Exercise directions
Among the records that follow, count the lines where "thesis" appears, and state the count by itself.

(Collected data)
________________

(* Let $\mathbf{C}_{\mathrm{ATM}}$ be the class of all absolute team independence structures $\mathcal{I}_X$ (for all teams $X$, with arbitrary domain $I$ and arbitrary value set $M$). Then for every set $\Sigma$ of absolute independence atoms over $V$ and every absolute independence atom $\phi$ over $V$, $$\Sigma\vdash_{\mathcal{AI}}\phi \iff \Sigma\models_{\mathbf{C}_{\mathrm{ATM}}}\phi .$$
   Context: Fix a countably infinite set $V$ of variables. An absolute independence atom over $V$ is an expression $\bot(\vec x)$ where $\vec x$ is a finite (possibly empty) sequence of pairwise distinct variables from $V$. Derivability $\Sigma\vdash_{\mathcal{AI}}\phi$ means that $\phi$ belongs to the smallest set of absolute independence atoms containing $\Sigma$ and closed under the rules: (a) $\bot(\emptyset)$ (empty sequence) is derivable; (b) from $\bot(\vec x\vec y)$ infer $\bot(\vec x)$ (here $\vec x\vec y$ is concatenation); (c) from $\bot(\vec x)$ infer $\bot(\vec y)$ for any permutation $\vec y$ of $\vec x$. An absolute independence structure is a pair $(I,\mathcal{A})$ with $I$ a nonempty set and $\mathcal{A}$ a set of finite subsets of $I$ closed under subsets. A team with domain $I$ and values in $M$ is a set $X$ of functions $s:I\to M$. For a finite $\mathbf{x}\subseteq I$ and $x_i\in\mathbf{x}$ let $\mathbf{x}-_X x_i=\{x_j\in\mathbf{x} : \exists s\in X\ (s(x_i)\neq s(x_j))\}$; for $s,s'\in X$ and a set $\mathbf{z}\subseteq I$, $s(\mathbf{z})=s'(\mathbf{z})$ means $s(z)=s'(z)$ for all $z\in\mathbf{z}$. Let $\mathcal{A}_X$ be the set of finite $\mathbf{x}\subseteq I$ such that for every $x_i\in\mathbf{x}$: (1) for all $s,s'\in X$ there is $s''\in X$ with $s''(x_i)=s(x_i)$ and $s''(\mathbf{x}-_X x_i)=s'(\mathbf{x}-_X x_i)$, and (2) there are $s,s'\in X$ with $s(x_i)\neq s'(x_i)$. The absolute team independence structure of $X$ is $\mathcal{I}_X=(I,\mathcal{A}_X)$. Semantics: an assignment into $(I,\mathcal{A})$ is a map $s:V\to I$; for a sequence $\vec x=(x_0,\dots,x_{n-1})$ put $s(\vec x)=\{s(x_0),\dots,s(x_{n-1})\}$; $s$ satisfies $\bot(\vec x)$ in $(I,\mathcal{A})$ iff $s(\vec x)\in\mathcal{A}$. For a class $\mathbf{C}$ of such structures, $\Sigma\models_{\mathbf{C}}\phi$ means every assignment into every structure in $\mathbf{C}$ satisfying all atoms of $\Sigma$ also satisfies $\phi$. *)

theory Defs
  imports Main "HOL-Library.Multiset"
begin

text \<open>Variables V: the countably infinite type nat.
  An absolute independence atom is represented by the list of its variables
  (required to be distinct).\<close>

inductive AI_deriv :: "nat list set \<Rightarrow> nat list \<Rightarrow> bool" for \<Sigma> where
  ax: "\<phi> \<in> \<Sigma> \<Longrightarrow> AI_deriv \<Sigma> \<phi>"
| empty: "AI_deriv \<Sigma> []"
| proj: "AI_deriv \<Sigma> (xs @ ys) \<Longrightarrow> AI_deriv \<Sigma> xs"
| perm: "AI_deriv \<Sigma> xs \<Longrightarrow> mset ys = mset xs \<Longrightarrow> AI_deriv \<Sigma> ys"

text \<open>Teams with domain I = UNIV :: 'i and values in 'm.\<close>

definition team_minus :: "('i \<Rightarrow> 'm) set \<Rightarrow> 'i set \<Rightarrow> 'i \<Rightarrow> 'i set" where
  "team_minus X x xi = {xj \<in> x. \<exists>s\<in>X. s xi \<noteq> s xj}"

definition team_A :: "('i \<Rightarrow> 'm) set \<Rightarrow> 'i set set" where
  "team_A X = {x. finite x \<and>
     (\<forall>xi\<in>x.
        (\<forall>s\<in>X. \<forall>s'\<in>X. \<exists>s''\<in>X. s'' xi = s xi \<and> (\<forall>z\<in>team_minus X x xi. s'' z = s' z)) \<and>
        (\<exists>s\<in>X. \<exists>s'\<in>X. s xi \<noteq> s' xi))}"

definition sat_atom :: "'i set set \<Rightarrow> (nat \<Rightarrow> 'i) \<Rightarrow> nat list \<Rightarrow> bool" where
  "sat_atom A s \<phi> \<longleftrightarrow> s ` set \<phi> \<in> A"

text \<open>Semantic consequence over all absolute team independence structures whose
  domain is the type 'i and whose value set is the type 'm.\<close>

definition atm_conseq :: "'i itself \<Rightarrow> 'm itself \<Rightarrow> nat list set \<Rightarrow> nat list \<Rightarrow> bool" where
  "atm_conseq _ _ \<Sigma> \<phi> \<longleftrightarrow>
     (\<forall>(X :: ('i \<Rightarrow> 'm) set) (s :: nat \<Rightarrow> 'i).
        (\<forall>\<psi>\<in>\<Sigma>. sat_atom (team_A X) s \<psi>) \<longrightarrow> sat_atom (team_A X) s \<phi>)"

end

theory Submission
  imports Defs
begin

text \<open>Soundness holds because every family team_A X contains the empty set and is closed under
  subsets, while the semantics of an atom only depends on its set of variables.
  For completeness, suppose \<phi> is not derivable and let S = set \<phi>, which is
  nonempty and not contained in the variable set of any atom of \<Sigma>. The team of all
  {0,1,2}-valued functions whose values on S sum to 0 mod 3 makes every
  finite set not containing S independent: one coordinate of S outside the set can
  absorb any change. But S itself is dependent, since the values on S - {a}
  determine the value at a (which is constant when S = {a}). Under the identity assignment this team satisfies
  \<Sigma> but not \<phi>.\<close>

lemma empty_in_team_A: "{} \<in> team_A X"
  by (simp add: team_A_def)

lemma team_minus_mono: "y \<subseteq> x \<Longrightarrow> team_minus X y xi \<subseteq> team_minus X x xi"
  unfolding team_minus_def by blast

lemma team_minus_subset: "team_minus X x xi \<subseteq> x - {xi}"
  unfolding team_minus_def by blast

lemma team_AI:
  assumes "finite x"
    and "\<And>xi s s'. \<lbrakk>xi \<in> x; s \<in> X; s' \<in> X\<rbrakk> \<Longrightarrow>
           \<exists>s''\<in>X. s'' xi = s xi \<and> (\<forall>z\<in>team_minus X x xi. s'' z = s' z)"
    and "\<And>xi. xi \<in> x \<Longrightarrow> \<exists>s\<in>X. \<exists>s'\<in>X. s xi \<noteq> s' xi"
  shows "x \<in> team_A X"
  using assms unfolding team_A_def by blast

lemma team_A_exchangeE:
  assumes "x \<in> team_A X" and "xi \<in> x" and "s \<in> X" and "s' \<in> X"
  obtains s'' where "s'' \<in> X" and "s'' xi = s xi" and "\<forall>z\<in>team_minus X x xi. s'' z = s' z"
  using assms unfolding team_A_def by blast

lemma team_A_nonconstantE:
  assumes "x \<in> team_A X" and "xi \<in> x"
  obtains s s' where "s \<in> X" and "s' \<in> X" and "s xi \<noteq> s' xi"
  using assms unfolding team_A_def by blast

lemma team_A_downward_closed:
  assumes "x \<in> team_A X" and "y \<subseteq> x"
  shows "y \<in> team_A X"
proof (rule team_AI)
  show "finite y"
    using assms finite_subset unfolding team_A_def by blast
next
  fix xi s s' assume "xi \<in> y" and "s \<in> X" and "s' \<in> X"
  with assms(2) have "xi \<in> x" by blast
  obtain s'' where "s'' \<in> X" "s'' xi = s xi" "\<forall>z\<in>team_minus X x xi. s'' z = s' z"
    by (rule team_A_exchangeE[OF assms(1) \<open>xi \<in> x\<close> \<open>s \<in> X\<close> \<open>s' \<in> X\<close>])
  with team_minus_mono[OF assms(2)]
  show "\<exists>s''\<in>X. s'' xi = s xi \<and> (\<forall>z\<in>team_minus X y xi. s'' z = s' z)"
    by blast
next
  fix xi assume "xi \<in> y"
  with assms(2) have "xi \<in> x" by blast
  with assms(1) show "\<exists>s\<in>X. \<exists>s'\<in>X. s xi \<noteq> s' xi"
    by (blast elim: team_A_nonconstantE)
qed

theorem AI_deriv_sound:
  assumes "AI_deriv \<Sigma> \<phi>"
  shows "atm_conseq TYPE('i) TYPE('m) \<Sigma> \<phi>"
  unfolding atm_conseq_def
proof (intro allI impI)
  fix X :: "('i \<Rightarrow> 'm) set" and s :: "nat \<Rightarrow> 'i"
  assume \<Sigma>_sat: "\<forall>\<psi>\<in>\<Sigma>. sat_atom (team_A X) s \<psi>"
  from assms show "sat_atom (team_A X) s \<phi>"
  proof (induction rule: AI_deriv.induct)
    case (ax \<phi>)
    then show ?case using \<Sigma>_sat by blast
  next
    case empty
    then show ?case by (simp add: sat_atom_def empty_in_team_A)
  next
    case (proj xs ys)
    have "s ` set xs \<subseteq> s ` set (xs @ ys)" by auto
    with proj.IH show ?case
      unfolding sat_atom_def by (rule team_A_downward_closed)
  next
    case (perm xs ys)
    then have "set ys = set xs" by (metis set_mset_mset)
    with perm.IH show ?case by (simp add: sat_atom_def)
  qed
qed

lemma AI_deriv_subset:
  assumes "AI_deriv \<Sigma> \<psi>" and "distinct \<psi>" and "distinct \<phi>" and "set \<phi> \<subseteq> set \<psi>"
  shows "AI_deriv \<Sigma> \<phi>"
proof -
  define rest where "rest = filter (\<lambda>x. x \<notin> set \<phi>) \<psi>"
  have "mset (\<phi> @ rest) = mset \<psi>"
    using assms(2-4) by (subst set_eq_iff_mset_eq_distinct[symmetric]) (auto simp: rest_def)
  with assms(1) have "AI_deriv \<Sigma> (\<phi> @ rest)" by (rule AI_deriv.perm)
  then show ?thesis by (rule AI_deriv.proj)
qed

definition mod3_team :: "nat set \<Rightarrow> (nat \<Rightarrow> nat) set" where
  "mod3_team S = {f. (\<forall>i. f i < 3) \<and> (\<Sum>i\<in>S. f i) mod 3 = 0}"

text \<open>Since -T \<equiv> 2 T (mod 3), the new value at a makes the sum over S divisible by 3.\<close>

definition mod3_balance :: "nat set \<Rightarrow> nat \<Rightarrow> (nat \<Rightarrow> nat) \<Rightarrow> nat \<Rightarrow> nat" where
  "mod3_balance S a h = h(a := 2 * (\<Sum>i\<in>S - {a}. h i) mod 3)"

lemma mod3_balance_in_mod3_team:
  assumes "finite S" and "a \<in> S" and "\<forall>i. h i < 3"
  shows "mod3_balance S a h \<in> mod3_team S"
proof -
  let ?T = "\<Sum>i\<in>S - {a}. h i"
  have "(\<Sum>i\<in>S - {a}. mod3_balance S a h i) = ?T"
    by (rule sum.cong) (auto simp: mod3_balance_def)
  then have "(\<Sum>i\<in>S. mod3_balance S a h i) = 2 * ?T mod 3 + ?T"
    using sum.remove[OF assms(1,2), of "mod3_balance S a h"] by (simp add: mod3_balance_def)
  then have "(\<Sum>i\<in>S. mod3_balance S a h i) mod 3 = (3 * ?T) mod 3"
    by (simp add: mod_add_left_eq)
  moreover have "\<forall>i. mod3_balance S a h i < 3"
    using assms(3) by (simp add: mod3_balance_def)
  ultimately show ?thesis
    by (simp add: mod3_team_def)
qed

lemma two_point_in_mod3_team:
  assumes "finite S" and "a \<in> S" and "c \<in> S" and "a \<noteq> c"
  shows "(\<lambda>i. (if i = a then 1 else 0) + (if i = c then 2 else 0)) \<in> mod3_team S"
  using assms by (simp add: mod3_team_def sum.distrib)

lemma team_A_mod3_team:
  assumes "finite S" and "finite x" and "\<not> S \<subseteq> x"
  shows "x \<in> team_A (mod3_team S)"
proof -
  obtain a where a: "a \<in> S" "a \<notin> x" using assms(3) by blast
  show ?thesis
  proof (rule team_AI[OF assms(2)])
    fix xi s s' assume "xi \<in> x" and "s \<in> mod3_team S" and "s' \<in> mod3_team S"
    define s'' where "s'' = mod3_balance S a (s'(xi := s xi))"
    have "s'' \<in> mod3_team S"
      using \<open>s \<in> mod3_team S\<close> \<open>s' \<in> mod3_team S\<close> mod3_balance_in_mod3_team[OF assms(1) a(1)]
      by (simp add: mod3_team_def s''_def)
    moreover have "s'' xi = s xi"
      using \<open>xi \<in> x\<close> a(2) by (auto simp: s''_def mod3_balance_def)
    moreover have "\<forall>z\<in>team_minus (mod3_team S) x xi. s'' z = s' z"
      using a(2) team_minus_subset[of "mod3_team S" x xi] by (auto simp: s''_def mod3_balance_def)
    ultimately show "\<exists>s''\<in>mod3_team S.
        s'' xi = s xi \<and> (\<forall>z\<in>team_minus (mod3_team S) x xi. s'' z = s' z)"
      by blast
  next
    fix xi assume "xi \<in> x"
    then have "xi \<noteq> a" using a(2) by blast
    have "mod3_balance S a (\<lambda>i. if i = xi then 1 else 0) \<in> mod3_team S"
      and "mod3_balance S a (\<lambda>_. 0) \<in> mod3_team S"
      using mod3_balance_in_mod3_team[OF assms(1) a(1)] by simp_all
    moreover have "mod3_balance S a (\<lambda>i. if i = xi then 1 else 0) xi \<noteq> mod3_balance S a (\<lambda>_. 0) xi"
      using \<open>xi \<noteq> a\<close> by (simp add: mod3_balance_def)
    ultimately show "\<exists>s\<in>mod3_team S. \<exists>s'\<in>mod3_team S. s xi \<noteq> s' xi" by blast
  qed
qed

lemma team_minus_mod3_team:
  assumes "finite S" and "a \<in> S"
  shows "team_minus (mod3_team S) S a = S - {a}"
proof (rule equalityI)
  show "S - {a} \<subseteq> team_minus (mod3_team S) S a"
  proof
    fix c assume c: "c \<in> S - {a}"
    define t :: "nat \<Rightarrow> nat" where "t i = (if i = a then 1 else 0) + (if i = c then 2 else 0)" for i
    have "t \<in> mod3_team S"
      unfolding t_def using assms c by (intro two_point_in_mod3_team) auto
    moreover have "t a \<noteq> t c" using c by (simp add: t_def)
    ultimately show "c \<in> team_minus (mod3_team S) S a"
      using c unfolding team_minus_def by blast
  qed
qed (rule team_minus_subset)

lemma not_team_A_mod3_team:
  assumes "finite S" and "S \<noteq> {}"
  shows "S \<notin> team_A (mod3_team S)"
proof
  assume S_indep: "S \<in> team_A (mod3_team S)"
  obtain a where a: "a \<in> S" using assms(2) by blast
  show False
  proof (cases "S = {a}")
    case True
    have "f a = 0" if "f \<in> mod3_team S" for f
    proof -
      have "f a < 3" and "f a mod 3 = 0"
        using that True by (simp_all add: mod3_team_def)
      then show ?thesis by simp
    qed
    with S_indep a show False
      by (metis team_A_nonconstantE)
  next
    case False
    then obtain c where c: "c \<in> S" "c \<noteq> a" using a by blast
    define t :: "nat \<Rightarrow> nat" where "t i = (if i = a then 1 else 0) + (if i = c then 2 else 0)" for i
    have "t \<in> mod3_team S"
      unfolding t_def using two_point_in_mod3_team[OF assms(1) a c(1)] c(2) by simp
    moreover have "(\<lambda>_. 0) \<in> mod3_team S" by (simp add: mod3_team_def)
    ultimately obtain s where s: "s \<in> mod3_team S" "s a = t a"
      and "\<forall>z\<in>team_minus (mod3_team S) S a. s z = 0"
      by (rule team_A_exchangeE[OF S_indep a])
    then have "\<forall>z\<in>S - {a}. s z = 0"
      by (simp add: team_minus_mod3_team[OF assms(1) a])
    have "(\<Sum>i\<in>S. s i) = s a + (\<Sum>i\<in>S - {a}. s i)"
      using assms(1) a by (rule sum.remove)
    also have "\<dots> = 1" using s(2) c(2) \<open>\<forall>z\<in>S - {a}. s z = 0\<close> by (simp add: t_def)
    finally show False using s(1) by (simp add: mod3_team_def)
  qed
qed

theorem AI_deriv_complete:
  assumes "\<forall>\<psi>\<in>\<Sigma>. distinct \<psi>" and "distinct \<phi>" and "atm_conseq TYPE(nat) TYPE(nat) \<Sigma> \<phi>"
  shows "AI_deriv \<Sigma> \<phi>"
proof (rule ccontr)
  assume not_deriv: "\<not> AI_deriv \<Sigma> \<phi>"
  define S where "S = set \<phi>"
  have "finite S" by (simp add: S_def)
  have "S \<noteq> {}"
    using not_deriv AI_deriv.empty by (auto simp: S_def)
  have "sat_atom (team_A (mod3_team S)) id \<psi>" if "\<psi> \<in> \<Sigma>" for \<psi>
  proof -
    have "\<not> S \<subseteq> set \<psi>"
    proof
      assume "S \<subseteq> set \<psi>"
      with that assms(1,2) have "AI_deriv \<Sigma> \<phi>"
        by (intro AI_deriv_subset[OF AI_deriv.ax[OF that]]) (auto simp: S_def)
      with not_deriv show False by contradiction
    qed
    with team_A_mod3_team[OF \<open>finite S\<close>] show ?thesis
      by (simp add: sat_atom_def)
  qed
  with assms(3) have "sat_atom (team_A (mod3_team S)) id \<phi>"
    unfolding atm_conseq_def by blast
  with not_team_A_mod3_team[OF \<open>finite S\<close> \<open>S \<noteq> {}\<close>] show False
    by (simp add: sat_atom_def S_def)
qed

theorem mainTheorem1:
  fixes \<Sigma> :: "nat list set" and \<phi> :: "nat list"
  assumes "\<forall>\<psi>\<in>\<Sigma>. distinct \<psi>" and "distinct \<phi>"
  shows "(AI_deriv \<Sigma> \<phi> \<longleftrightarrow> atm_conseq TYPE(nat) TYPE(nat) \<Sigma> \<phi>)
       \<and> (AI_deriv \<Sigma> \<phi> \<longrightarrow> atm_conseq TYPE('i) TYPE('m) \<Sigma> \<phi>)"
  using AI_deriv_sound[of \<Sigma> \<phi>] AI_deriv_sound[of \<Sigma> \<phi>, where 'i = nat and 'm = nat]
    AI_deriv_complete[OF assms] by blast

end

________________

Exercise response
5